# Problem:
In the records below, take the line containing "by (metis closed_segment_disjoint_if_same_side" and every line following it, and write them out exactly.

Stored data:
lemma estimator_mean_bound: "\<bar>expectation (\<lambda>\<omega>. Y \<omega> / H) - a\<bar> \<le> (1 - a) / H + 2 / sqrt H"
proof -
  define C where "C \<omega> = Y \<omega> - a * X \<omega> - (1 - a) * Z \<omega>" for \<omega>
  define s where "s = 1 / sqrt H"
  have H: "0 < H" "0 < sqrt H" "0 < s" using H_ge_1 by (auto simp: s_def)
  have integrable_C: "integrable M C"
    using integrable_cross_term(1) by (simp add: C_def[abs_def])
  \<comment> \<open>AM-GM with the weight \<open>s\<close> that balances \<open>E X = H\<close> against \<open>E Z = 1\<close>.\<close>
  have C_bound: "\<bar>C \<omega>\<bar> \<le> s * X \<omega> + Z \<omega> / s" for \<omega>
    using abs_le_weighted_sum_if_sq_le[OF cross_term X_nonneg Z_nonneg \<open>0 < s\<close>] by (simp add: C_def)
  have "\<bar>expectation C\<bar> \<le> expectation (\<lambda>\<omega>. \<bar>C \<omega>\<bar>)"
    using integral_norm_bound[of M C] by simp
  also have "\<dots> \<le> expectation (\<lambda>\<omega>. s * X \<omega> + Z \<omega> / s)"
    using integrable_C integrable_X integrable_Z C_bound by (intro integral_mono) auto
  also have "\<dots> = s * H + 1 / s"
    using integrable_X integrable_Z by (simp add: mean_X mean_Z)
  also have "\<dots> = 2 * sqrt H"
    using H by (simp add: s_def real_div_sqrt)
  finally have "\<bar>expectation C\<bar> * sqrt H \<le> 2 * sqrt H * sqrt H"
    using H by (intro mult_right_mono) auto
  also have "\<dots> = 2 * H" using H by simp
  finally have "\<bar>expectation C / H\<bar> \<le> 2 / sqrt H"
    using H by (simp add: field_simps abs_divide)
  moreover have "expectation (\<lambda>\<omega>. Y \<omega> / H) - a = (1 - a) / H + expectation C / H"
  proof -
    have "expectation C = expectation Y - a * H - (1 - a)"
      using integrable_Y(1) integrable_X integrable_Z by (simp add: C_def[abs_def] mean_X mean_Z)
    then show ?thesis using H by (simp add: field_simps)
  qed
  moreover have "0 \<le> (1 - a) / H" using H a_le_1 by simp
  ultimately show ?thesis by (simp only: abs_le_iff) linarith
qed

lemma estimator_variance_bound: "variance (\<lambda>\<omega>. Y \<omega> / H) \<le> 18 / H"
proof -
  define C where "C \<omega> = Y \<omega> - a * X \<omega> - (1 - a) * Z \<omega>" for \<omega>
  define c where "c = a + (1 - a) / H"
  have H: "0 < H" using H_ge_1 by simp
  have "variance (\<lambda>\<omega>. Y \<omega> / H) \<le> expectation (\<lambda>\<omega>. (Y \<omega> / H - c)\<^sup>2)"
    using integrable_Y by (intro variance_le_expectation_sq_diff) (auto simp: power_divide)
  also have "\<dots> \<le> expectation (\<lambda>\<omega>. 3 * ((X \<omega> - H)\<^sup>2 + (Z \<omega> - 1)\<^sup>2 + 4 * (X \<omega> * Z \<omega>)) / H\<^sup>2)"
  proof (rule integral_mono)
    show "integrable M (\<lambda>\<omega>. (Y \<omega> / H - c)\<^sup>2)"
      using integrable_Y by (intro integrable_sq_diff) (auto simp: power_divide)
    show "integrable M (\<lambda>\<omega>. 3 * ((X \<omega> - H)\<^sup>2 + (Z \<omega> - 1)\<^sup>2 + 4 * (X \<omega> * Z \<omega>)) / H\<^sup>2)"
      using integrable_sq_diff[OF integrable_X integrable_X_sq] integrable_sq_diff[OF integrable_Z integrable_Z_sq]
        integrable_XZ by auto
    fix \<omega>
    have "Y \<omega> / H - c = (a * (X \<omega> - H) + (1 - a) * (Z \<omega> - 1) + C \<omega>) / H"
      using H by (simp add: c_def C_def field_simps)
    then have "(Y \<omega> / H - c)\<^sup>2 \<le> 3 * ((X \<omega> - H)\<^sup>2 + (Z \<omega> - 1)\<^sup>2 + (C \<omega>)\<^sup>2) / H\<^sup>2"
      using sq_convex_combination_add_le[OF a_nonneg a_le_1] by (simp add: power_divide divide_right_mono)
    also have "\<dots> \<le> 3 * ((X \<omega> - H)\<^sup>2 + (Z \<omega> - 1)\<^sup>2 + 4 * (X \<omega> * Z \<omega>)) / H\<^sup>2"
      using cross_term[of \<omega>] by (simp add: C_def divide_right_mono mult.assoc)
    finally show "(Y \<omega> / H - c)\<^sup>2 \<le> 3 * ((X \<omega> - H)\<^sup>2 + (Z \<omega> - 1)\<^sup>2 + 4 * (X \<omega> * Z \<omega>)) / H\<^sup>2" .
  qed
  also have "\<dots> = 3 * (variance X + variance Z + 4 * H) / H\<^sup>2"
    using integrable_sq_diff[OF integrable_X integrable_X_sq] integrable_sq_diff[OF integrable_Z integrable_Z_sq]
      integrable_XZ by (simp add: mean_X mean_Z mean_XZ)
  also have "\<dots> \<le> 3 * (H + 1 + 4 * H) / H\<^sup>2"
    using variance_eq[OF integrable_X integrable_X_sq] variance_eq[OF integrable_Z integrable_Z_sq]
      moment2_X H by (intro divide_right_mono mult_left_mono add_mono) (auto simp: mean_X mean_Z moment2_Z)
  also have "\<dots> \<le> 18 / H"
    using H_ge_1 by (simp add: field_simps power2_eq_square)
  finally show ?thesis .
qed

end

end
lemma geom_layered_if_general_position:
  fixes p :: "'v \<Rightarrow> real \<times> real"
  assumes edges: "\<And>e. e \<in> E \<Longrightarrow> \<exists>u\<in>V. \<exists>v\<in>V. u \<noteq> v \<and> e = {u, v}"
    and general_position: "general_position V p"
    and third_vertex: "\<And>u v. \<exists>w\<in>V. w \<noteq> u \<and> w \<noteq> v"
    and layers: "\<And>e. e \<in> E \<Longrightarrow> L e < k"
    and independent: "\<And>e e'. e \<in> E \<Longrightarrow> e' \<in> E \<Longrightarrow> e \<inter> e' = {} \<Longrightarrow> L e = L e' \<Longrightarrow>
      edge_seg p e \<inter> edge_seg p e' = {}"
  shows "geom_layered V E k"
  unfolding geom_layered_def
proof (intro exI[of _ p] exI[of _ L] conjI ballI impI)
  show "inj_on p V"
  proof (rule inj_onI, rule ccontr)
    fix u v assume "u \<in> V" "v \<in> V" "p u = p v" "u \<noteq> v"
    moreover obtain w where "w \<in> V" "w \<noteq> u" "w \<noteq> v" using third_vertex by blast
    ultimately show False using general_positionD[OF general_position, of u v w] by simp
  qed
next
  fix e w assume "e \<in> E" "w \<in> V" "w \<notin> e"
  moreover obtain u v where "u \<in> V" "v \<in> V" "u \<noteq> v" "e = {u, v}" using edges \<open>e \<in> E\<close> by blast
  ultimately show "p w \<notin> edge_seg p e"
    using general_positionD[OF general_position, of u v w] orient_closed_segment[where a = "p u" and b = "p v" and z = "p w"]
    by (auto simp: edge_seg_doubleton)
next
  fix e assume "e \<in> E"
  then show "L e < k" by (rule layers)
next
  fix e e' assume ee': "e \<in> E" "e' \<in> E" "e \<noteq> e' \<and> L e = L e'"
  show "edge_seg p e \<inter> edge_seg p e' \<subseteq> p ` (e \<inter> e')"
  proof (cases "e \<inter> e' = {}")
    case True
    then show ?thesis using independent ee' by simp
  next
    case False
    then obtain c where "c \<in> e" "c \<in> e'" by blast
    then obtain x y where "e = {c, x}" "e' = {c, y}" "distinct [c, x, y]" "c \<in> V" "x \<in> V" "y \<in> V"
      using edges[OF ee'(1)] edges[OF ee'(2)] ee'(3) by (auto simp: doubleton_eq_iff)
    then show ?thesis using edge_seg_inter_adjacent general_positionD[OF general_position] by metis
  qed
qed

definition K66_red :: "(int \<times> int) list" where
  "K66_red = [(-319, 128), (415, -387), (236, 124), (257, -171), (-374, 368), (-426, 467)]"

definition K66_blue :: "(int \<times> int) list" where
  "K66_blue = [(341, 183), (845, 190), (-251, -380), (-623, -541), (-65, -218), (-136, 147)]"

definition K66_point :: "nat + nat \<Rightarrow> int \<times> int" where
  "K66_point v = (case v of Inl i \<Rightarrow> K66_red ! i | Inr j \<Rightarrow> K66_blue ! j)"

definition K66_position :: "nat + nat \<Rightarrow> real \<times> real" where
  "K66_position v = map_prod of_int of_int (K66_point v)"

definition K66_layer1 :: "(nat \<times> nat) list" where
  "K66_layer1 = [(0, 2), (0, 4), (1, 0), (1, 2), (1, 4), (1, 5), (2, 0), (2, 5), (3, 0), (3, 5),
    (4, 2), (4, 4), (5, 0), (5, 1), (5, 2), (5, 4), (5, 5)]"

definition K66_layer :: "(nat + nat) set \<Rightarrow> nat" where
  "K66_layer e = (if \<exists>(i, j)\<in>set K66_layer1. e = {Inl i, Inr j} then 1 else 0)"

lemma K66_general_position_check:
  "\<forall>u\<in>K66_V. \<forall>v\<in>K66_V. \<forall>w\<in>K66_V.
    distinct [u, v, w] \<longrightarrow> orient (K66_point u) (K66_point v) (K66_point w) \<noteq> 0"
  unfolding K66_V_def lessThan_atLeast0 atLeastLessThan_upt K66_point_def K66_red_def K66_blue_def
  by code_simp

lemma K66_layers_check:
  "\<forall>i\<in>{..<6}. \<forall>j\<in>{..<6}. \<forall>i'\<in>{..<6}. \<forall>j'\<in>{..<6}.
    i \<noteq> i' \<and> j \<noteq> j' \<and> ((i, j) \<in> set K66_layer1 \<longleftrightarrow> (i', j') \<in> set K66_layer1) \<longrightarrow>
    same_side (K66_point (Inl i)) (K66_point (Inr j)) (K66_point (Inl i')) (K66_point (Inr j')) \<or>
    same_side (K66_point (Inl i')) (K66_point (Inr j')) (K66_point (Inl i)) (K66_point (Inr j))"
  unfolding lessThan_atLeast0 atLeastLessThan_upt K66_point_def K66_red_def K66_blue_def K66_layer1_def
  by code_simp

lemma K66_E_iff: "e \<in> K66_E \<longleftrightarrow> (\<exists>i<6. \<exists>j<6. e = {Inl i, Inr j})"
  by (auto simp: K66_E_def)

lemma K66_layer_edge: "K66_layer {Inl i, Inr j} = (if (i, j) \<in> set K66_layer1 then 1 else 0)"
  by (auto simp: K66_layer_def doubleton_eq_iff)

lemma K66_same_layer_disjoint:
  assumes "e \<in> K66_E" "e' \<in> K66_E" "e \<inter> e' = {}" "K66_layer e = K66_layer e'"
  shows "edge_seg K66_position e \<inter> edge_seg K66_position e' = {}"
proof -
  obtain i j i' j' where ij: "i < 6" "j < 6" "e = {Inl i, Inr j}"
    and ij': "i' < 6" "j' < 6" "e' = {Inl i', Inr j'}"
    using assms(1,2) by (auto simp: K66_E_iff)
  then have "same_side (K66_point (Inl i)) (K66_point (Inr j)) (K66_point (Inl i')) (K66_point (Inr j')) \<or>
    same_side (K66_point (Inl i')) (K66_point (Inr j')) (K66_point (Inl i)) (K66_point (Inr j))"
    using K66_layers_check assms(3,4) by (simp add: K66_layer_edge split: if_splits)
  then show ?thesis
    unfolding ij(3) ij'(3) edge_seg_doubleton K66_position_def
    by (metis closed_segment_disjoint_if_same_side same_side_of_int Int_commute)
qed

# Expected answer:
    by (metis closed_segment_disjoint_if_same_side same_side_of_int Int_commute)
qed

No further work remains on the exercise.